Is there a way to prevent tab characters from being filtered with the FILTER_FLAG_STRIP_LOW option?

250 Views Asked by At

Is their a regular expression or a better way to remove the same characters that the php filter_var function's FILTER_SANITIZE_STRING filter FILTER_FLAG_STRIP_LOW option does, except the tab character?

See https://www.php.net/manual/en/filter.filters.sanitize.php for the FILTER_SANITIZE_STRING filter and FILTER_FLAG_STRIP_LOW option.

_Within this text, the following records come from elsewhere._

definition stopping_time_wrt :: "'a set \<Rightarrow> (real \<Rightarrow> 'a set set) \<Rightarrow> ('a \<Rightarrow> ennreal) \<Rightarrow> bool" where
  "stopping_time_wrt \<Omega> G R \<longleftrightarrow> (\<forall>t\<ge>0. {\<omega>\<in>\<Omega>. R \<omega> \<le> ennreal t} \<in> G t)"

definition stopped_sigma :: "'a set \<Rightarrow> (real \<Rightarrow> 'a set set) \<Rightarrow> ('a \<Rightarrow> ennreal) \<Rightarrow> 'a set set" where
  "stopped_sigma \<Omega> G R = {B \<in> Finf \<Omega> G. \<forall>t\<ge>0. B \<inter> {\<omega>\<in>\<Omega>. R \<omega> \<le> ennreal t} \<in> G t}"

definition random_time_sigma :: "'a set \<Rightarrow> (real \<Rightarrow> 'a set set) \<Rightarrow> ('a \<Rightarrow> ennreal) \<Rightarrow> 'a set set" where
  "random_time_sigma \<Omega> F R = sigma_sets \<Omega>
     {{\<omega>\<in>\<Omega>. (if R \<omega> < \<infinity> then X (enn2real (R \<omega>), \<omega>) else (0::real)) \<in> B} | X B.
        X \<in> borel_measurable (optional_measure \<Omega> F) \<and> B \<in> sets borel}"

definition ndiv :: "ennreal \<Rightarrow> ennreal \<Rightarrow> ennreal" where
  "ndiv a b = (if a \<le> b then a else \<infinity>)"

definition graph_rt :: "'a set \<Rightarrow> ('a \<Rightarrow> ennreal) \<Rightarrow> (real \<times> 'a) set" where
  "graph_rt \<Omega> R = {(t, \<omega>). 0 \<le> t \<and> \<omega> \<in> \<Omega> \<and> R \<omega> = ennreal t}"

definition trace_on :: "'a set \<Rightarrow> 'a set set \<Rightarrow> 'a set set" where
  "trace_on D T = {D \<inter> B | B. B \<in> T}"

end

theory Submission
  imports Defs
begin

text \<open>Everything is governed by the point \<open>\<omega> \<mapsto> (\<tau> \<nmid> R, R, \<omega>)\<close> on \<open>{R < \<infinity>}\<close>.
  On the graph \<open>[R]\<close> the condition \<open>t < \<tau>\<close> says \<open>\<tau> \<nmid> R = \<infinity>\<close>, so a \<open>G\<close>-optional process
  \<open>Y\<close> satisfies the splitting formula on \<open>[R]\<close> exactly when \<open>Y\<^sub>R\<close> is, off a null set, a
  \<open>B[0,\<infinity>] \<otimes> O(F)\<close>-measurable function of this point. Up to null sets, the traces on \<open>{R < \<infinity>}\<close> of
  \<open>N \<or> \<sigma>(\<tau> \<nmid> R) \<or> F\<^sub>R\<close> are the preimages of \<open>B[0,\<infinity>] \<otimes> O(F)\<close> under the point, and they always lie
  in \<open>G\<^sub>R\<close>. If \<open>[R] \<in> L\<^sup>o\<close>, splitting the indicator of \<open>[R\<^sub>B, \<infinity>)\<close> for \<open>B \<in> G\<^sub>R\<close> shows that \<open>B\<close>
  is such a preimage. Conversely, if the traces agree, the sampled indicators of \<open>G\<close>-optional sets
  are functions of the point, and a monotone class argument extends this to all \<open>G\<close>-optional
  processes.\<close>

section \<open>Optional sets and processes\<close>

lemma less_top_if_le_ennreal [simp]: "x \<le> ennreal t \<Longrightarrow> x < \<top>"
  using ennreal_less_top le_less_trans by blast

lemma sets_optional_measure [simp]: "sets (optional_measure \<Omega> H) = optional_sets \<Omega> H"
proof -
  have gen: "{{p \<in> {0..} \<times> \<Omega>. X p \<in> B} |X B. cadlag_adapted \<Omega> H X \<and> B \<in> sets borel}
      \<subseteq> Pow ({0..} \<times> \<Omega>)"
    by auto
  then have "optional_sets \<Omega> H \<subseteq> Pow ({0..} \<times> \<Omega>)"
    unfolding optional_sets_def using sigma_sets_into_sp by blast
  then show ?thesis
    unfolding optional_measure_def
    using sigma_sets_sigma_sets_eq[OF gen] by (simp add: sets_measure_of optional_sets_def)
qed

lemma space_optional_measure [simp]: "space (optional_measure \<Omega> H) = {0..} \<times> \<Omega>"
  unfolding optional_measure_def by (simp add: space_measure_of_conv)

lemma optional_setsI:
  "cadlag_adapted \<Omega> H X \<Longrightarrow> B \<in> sets borel \<Longrightarrow> {p \<in> {0..} \<times> \<Omega>. X p \<in> B} \<in> optional_sets \<Omega> H"
  unfolding optional_sets_def by (intro sigma_sets.Basic) blast

lemma optional_sets_vimage:
  assumes "Y \<in> borel_measurable (optional_measure \<Omega> H)" and "B \<in> sets borel"
  shows "{p \<in> {0..} \<times> \<Omega>. Y p \<in> B} \<in> optional_sets \<Omega> H"
proof -
  have "Y -` B \<inter> space (optional_measure \<Omega> H) \<in> sets (optional_measure \<Omega> H)"
    using assms by (rule measurable_sets)
  moreover have "Y -` B \<inter> space (optional_measure \<Omega> H) = {p \<in> {0..} \<times> \<Omega>. Y p \<in> B}"
    by auto
  ultimately show ?thesis by simp
qed

lemma cadlag_adapted_optional_measurable:
  "cadlag_adapted \<Omega> H X \<Longrightarrow> X \<in> borel_measurable (optional_measure \<Omega> H)"
proof (rule measurableI)
  fix B :: "real set" assume "cadlag_adapted \<Omega> H X" "B \<in> sets borel"
  moreover have "X -` B \<inter> space (optional_measure \<Omega> H) = {p \<in> {0..} \<times> \<Omega>. X p \<in> B}"
    by auto
  ultimately show "X -` B \<inter> space (optional_measure \<Omega> H) \<in> sets (optional_measure \<Omega> H)"
    using optional_setsI by simp
qed auto

lemma optional_measurable_mono:
  fixes X :: "real \<times> 'a \<Rightarrow> real"
  assumes sub: "\<And>t. t \<ge> 0 \<Longrightarrow> H t \<subseteq> H' t"
    and X: "X \<in> borel_measurable (optional_measure \<Omega> H)"
  shows "X \<in> borel_measurable (optional_measure \<Omega> H')"
proof (rule measurableI)
  have "optional_sets \<Omega> H \<subseteq> optional_sets \<Omega> H'"
    unfolding optional_sets_def
  proof (rule sigma_sets_mono', safe)
    fix Z :: "real \<times> 'a \<Rightarrow> real" and B :: "real set"
    assume "cadlag_adapted \<Omega> H Z" "B \<in> sets borel"
    moreover from this(1) have "cadlag_adapted \<Omega> H' Z"
      using sub unfolding cadlag_adapted_def by blast
    ultimately show "\<exists>X B'. {p \<in> {0..} \<times> \<Omega>. Z p \<in> B} = {p \<in> {0..} \<times> \<Omega>. X p \<in> B'}
        \<and> cadlag_adapted \<Omega> H' X \<and> B' \<in> sets borel"
      by blast
  qed
  then show "X -` B \<inter> space (optional_measure \<Omega> H') \<in> sets (optional_measure \<Omega> H')"
    if "B \<in> sets borel" for B :: "real set"
    using measurable_sets[OF X that] by auto
qed auto

lemma borel_measurable_ndiv [measurable (raw)]:
  "f \<in> borel_measurable N \<Longrightarrow> g \<in> borel_measurable N \<Longrightarrow> (\<lambda>x. ndiv (f x) (g x)) \<in> borel_measurable N"
  unfolding ndiv_def by (rule measurable_If) (auto intro: borel_measurable_le)

lemma sigma_fun_subset_Pow: "sigma_fun \<Omega> f \<subseteq> Pow \<Omega>"
  unfolding sigma_fun_def by (rule, rule PowI, rule sigma_sets_into_sp[rotated]) auto

lemma sigma_funI: "B \<in> sets borel \<Longrightarrow> {\<omega> \<in> \<Omega>. f \<omega> \<in> B} \<in> sigma_fun \<Omega> f"
  unfolding sigma_fun_def by (intro sigma_sets.Basic) blast

lemma random_time_sigma_subset_Pow: "random_time_sigma \<Omega> H T \<subseteq> Pow \<Omega>"
  unfolding random_time_sigma_def by (rule, rule PowI, rule sigma_sets_into_sp[rotated]) auto

lemma trace_onI: "B \<in> T \<Longrightarrow> D \<inter> B \<in> trace_on D T"
  unfolding trace_on_def by blast

lemma Int_sigma_sets_in:
  assumes S: "sigma_algebra \<Omega> S" and D: "D \<in> S"
    and gen: "\<And>a. a \<in> A \<Longrightarrow> D \<inter> a \<in> S" and X: "X \<in> sigma_sets \<Omega> A"
  shows "D \<inter> X \<in> S"
  using X
proof (induction rule: sigma_sets.induct)
  interpret S: sigma_algebra \<Omega> S by (rule S)
  {
    case (Basic a) then show ?case by (rule gen)
  next
    case Empty then show ?case by simp
  next
    case (Compl a)
    have "D \<inter> (\<Omega> - a) = D - D \<inter> a" using D S.sets_into_space by blast
    then show ?case using D Compl.IH by auto
  next
    case (Union a)
    have "D \<inter> \<Union> (range a) = (\<Union>i. D \<inter> a i)" by blast
    also have "\<dots> \<in> S" using Union.IH by (intro S.countable_nat_UN) blast
    finally show ?case .
  }
qed
lemma compact_density_block: "compact {M::'n::finite op. psd_op M \<and> trace_op M = 1 \<and> M = P ** M ** P}"
proof -
  have "closed {M::'n op. psd_op M \<and> trace_op M = 1 \<and> M = P ** M ** P}"
    unfolding Collect_conj_eq by (intro closed_Int closed_psd closed_trace1 closed_block)
  moreover have "bounded {M::'n op. psd_op M \<and> trace_op M = 1 \<and> M = P ** M ** P}"
    by (rule bounded_subset[OF density_bounded]) auto
  ultimately show ?thesis by (simp add: compact_eq_bounded_closed)
qed

lemma density_block_nonempty:
  assumes P: "orth_proj P" and Pne: "P \<noteq> 0"
  shows "(1 / norm P ^ 2) *\<^sub>R P \<in> {M::'n::finite op. psd_op M \<and> trace_op M = 1 \<and> M = P ** M ** P}"
proof -
  have aP: "adj P = P" "P ** P = P" using P by (simp_all add: orth_projD)
  have "psd_op P" using psd_adj_mult[of P] aP by simp
  moreover have "trace_op P = of_real (norm P ^ 2)" using trace_hs_self[of P] aP by simp
  ultimately show ?thesis using Pne
    by (simp add: psd_scaleR trace_scaleR linear_cmul[OF sandwich_linear] aP del: matrix_mul_assoc)
qed

section \<open>Symmetries of the generator\<close>

text \<open>\<open>comm_all H h A U\<close>: \<open>U\<close> commutes with the Hamiltonian and with all jump operators
  and their adjoints.  Such operators commute with the generator and its adjoint.\<close>

definition comm_all :: "'n::finite op \<Rightarrow> ('a \<Rightarrow> 'n op) \<Rightarrow> 'a set \<Rightarrow> 'n op \<Rightarrow> bool" where
  "comm_all H h A U \<longleftrightarrow> U ** H = H ** U \<and>
     (\<forall>\<alpha>\<in>A. U ** h \<alpha> = h \<alpha> ** U \<and> U ** adj (h \<alpha>) = adj (h \<alpha>) ** U)"

lemma comm_all_mat: "comm_all H h A (mat c)"
  by (simp add: comm_all_def mat_mult_comm)

lemma comm_all_herm:
  assumes "P = adj P" "P ** H = H ** P" "\<forall>\<alpha>\<in>A. h \<alpha> ** P = P ** h \<alpha>"
  shows "comm_all H h A P"
  unfolding comm_all_def
proof (intro conjI ballI)
  show "P ** H = H ** P" by fact
  fix \<alpha> assume a: "\<alpha> \<in> A"
  then show "P ** h \<alpha> = h \<alpha> ** P" using assms by simp
  have "adj (h \<alpha> ** P) = adj (P ** h \<alpha>)" using assms a by simp
  then show "P ** adj (h \<alpha>) = adj (h \<alpha>) ** P"
    using assms(1) by (simp add: adj_mult)
qed

lemma comm_all_adj:
  assumes "H = adj H" "comm_all H h A U" shows "comm_all H h A (adj U)"
  using assms unfolding comm_all_def
  by (metis adj_adj adj_mult)

lemma comm_all_mult:
  assumes "comm_all H h A U" "comm_all H h A V" shows "comm_all H h A (U ** V)"
proof -
  have "U ** V ** X = X ** (U ** V)" if "U ** X = X ** U" "V ** X = X ** V" for X
    by (metis matrix_mul_assoc that)
  then show ?thesis using assms unfolding comm_all_def by blast
qed

lemma comm_all_add:
  assumes "comm_all H h A U" "comm_all H h A V" shows "comm_all H h A (U + V)"
  using assms by (simp add: comm_all_def matrix_add_ldistrib matrix_add_rdistrib)

lemma comm_all_unitary:
  assumes U: "unitary_op U" and UH: "U ** H = H ** U" and Uh: "\<forall>a\<in>A. U ** h a = h a ** U"
  shows "comm_all H h A U"
proof -
  have u1: "adj U ** U = mat 1" and u2: "U ** adj U = mat 1" using U by (simp_all add: unitary_op_def)
  have "U ** adj (h a) = adj (h a) ** U" if a: "a \<in> A" for a
  proof -
    have "adj U ** (U ** h a) ** adj U = adj U ** (h a ** U) ** adj U" using Uh a by simp
    then have "h a ** adj U = adj U ** h a"
      by (simp add: matrix_mul_assoc u1) (simp add: matrix_mul_assoc[symmetric] u2)
    then show ?thesis using arg_cong[of _ _ adj] by (metis adj_adj adj_mult)
  qed
  then show ?thesis using UH Uh by (simp add: comm_all_def)
qed

lemma symmetry_of_partial_isometry:
  fixes Pi Pj V :: "'n::finite op"
  assumes proj_i: "orth_proj Pi" and proj_j: "orth_proj Pj"
    and sum1: "Pi + Pj = mat 1" and orth: "Pi ** Pj = 0"
    and V: "V = Pi ** V ** Pj" and VV1: "adj V ** V = Pj" and VV2: "V ** adj V = Pi"
  shows "unitary_op (V + adj V) \<and> (V + adj V) ** (V + adj V) = mat 1
      \<and> (V + adj V) ** Pj = Pi ** (V + adj V)"
proof -
  have aPi: "adj Pi = Pi" "Pi ** Pi = Pi" and aPj: "adj Pj = Pj" "Pj ** Pj = Pj"
    using proj_i proj_j by (simp_all add: orth_projD)
  have orth': "Pj ** Pi = 0" using arg_cong[OF orth, of adj] by (simp add: adj_mult aPi aPj)
  have PiV: "Pi ** V = V" and VPj: "V ** Pj = V" by (metis V aPi(2) aPj(2) matrix_mul_assoc)+
  have VV0: "V ** V = 0" by (metis VPj PiV orth' matrix_mul_assoc times0_left times0_right)
  have aVV0: "adj V ** adj V = 0" using arg_cong[OF VV0, of adj] by (simp add: adj_mult)
  have aVPj: "adj V ** Pj = 0"
    using arg_cong[OF PiV, of adj] orth by (metis adj_mult aPi(1) matrix_mul_assoc times0_right)
  have PiaV: "Pi ** adj V = 0"
    using arg_cong[OF VPj, of adj] orth by (metis adj_mult aPj(1) matrix_mul_assoc times0_left)
  have UU: "(V + adj V) ** (V + adj V) = mat 1"
    using sum1 by (simp add: matrix_add_ldistrib matrix_add_rdistrib VV0 aVV0 VV1 VV2 add.commute)
  moreover have "adj (V + adj V) = V + adj V" by (simp add: add.commute)
  ultimately have "unitary_op (V + adj V)" by (metis unitary_op_def)
  moreover have "(V + adj V) ** Pj = Pi ** (V + adj V)"
    by (simp add: matrix_add_ldistrib matrix_add_rdistrib VPj PiV aVPj PiaV)
  ultimately show ?thesis using UU by blast
qed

I'm using the php filter_var function with the FILTER_SANITIZE_STRING filter and FILTER_FLAG_NO_ENCODE_QUOTES, FILTER_FLAG_STRIP_LOW, FILTER_FLAG_STRIP_HIGH options to remove quite a few characters and 'word'-patterns, but it also removes tab characters, which I don't want removed.

If there is a good way to remove the 'low' characters other than tab, then I can remove the FILTER_FLAG_STRIP_LOW filter option from the filter_var call and 'feed' the result to regular express substitution 'filter' or better, and 'finish' the validation.

1

There are 1 best solutions below

7
jspit On

Yes, with preg_replace you can remove the 'low' characters other than tab (\x09).

$input = "ab \x00\x01\t\r\nAcd0\x19";
$santtizeString = preg_replace('~[\x00-\x08\x0A-\x1F]~u','',$input);

The hexadecimal notation of $ input is

\x61\x62\x20\x00\x01\x09\x0d\x0a\x41\x63\x64\x30\x19

All characters with a code <\ x20 except tab \ x09 are removed. The result is a hex notation

\x61\x62\x20\x09\x41\x63\x64\x30

or as string "ab \tAcd0".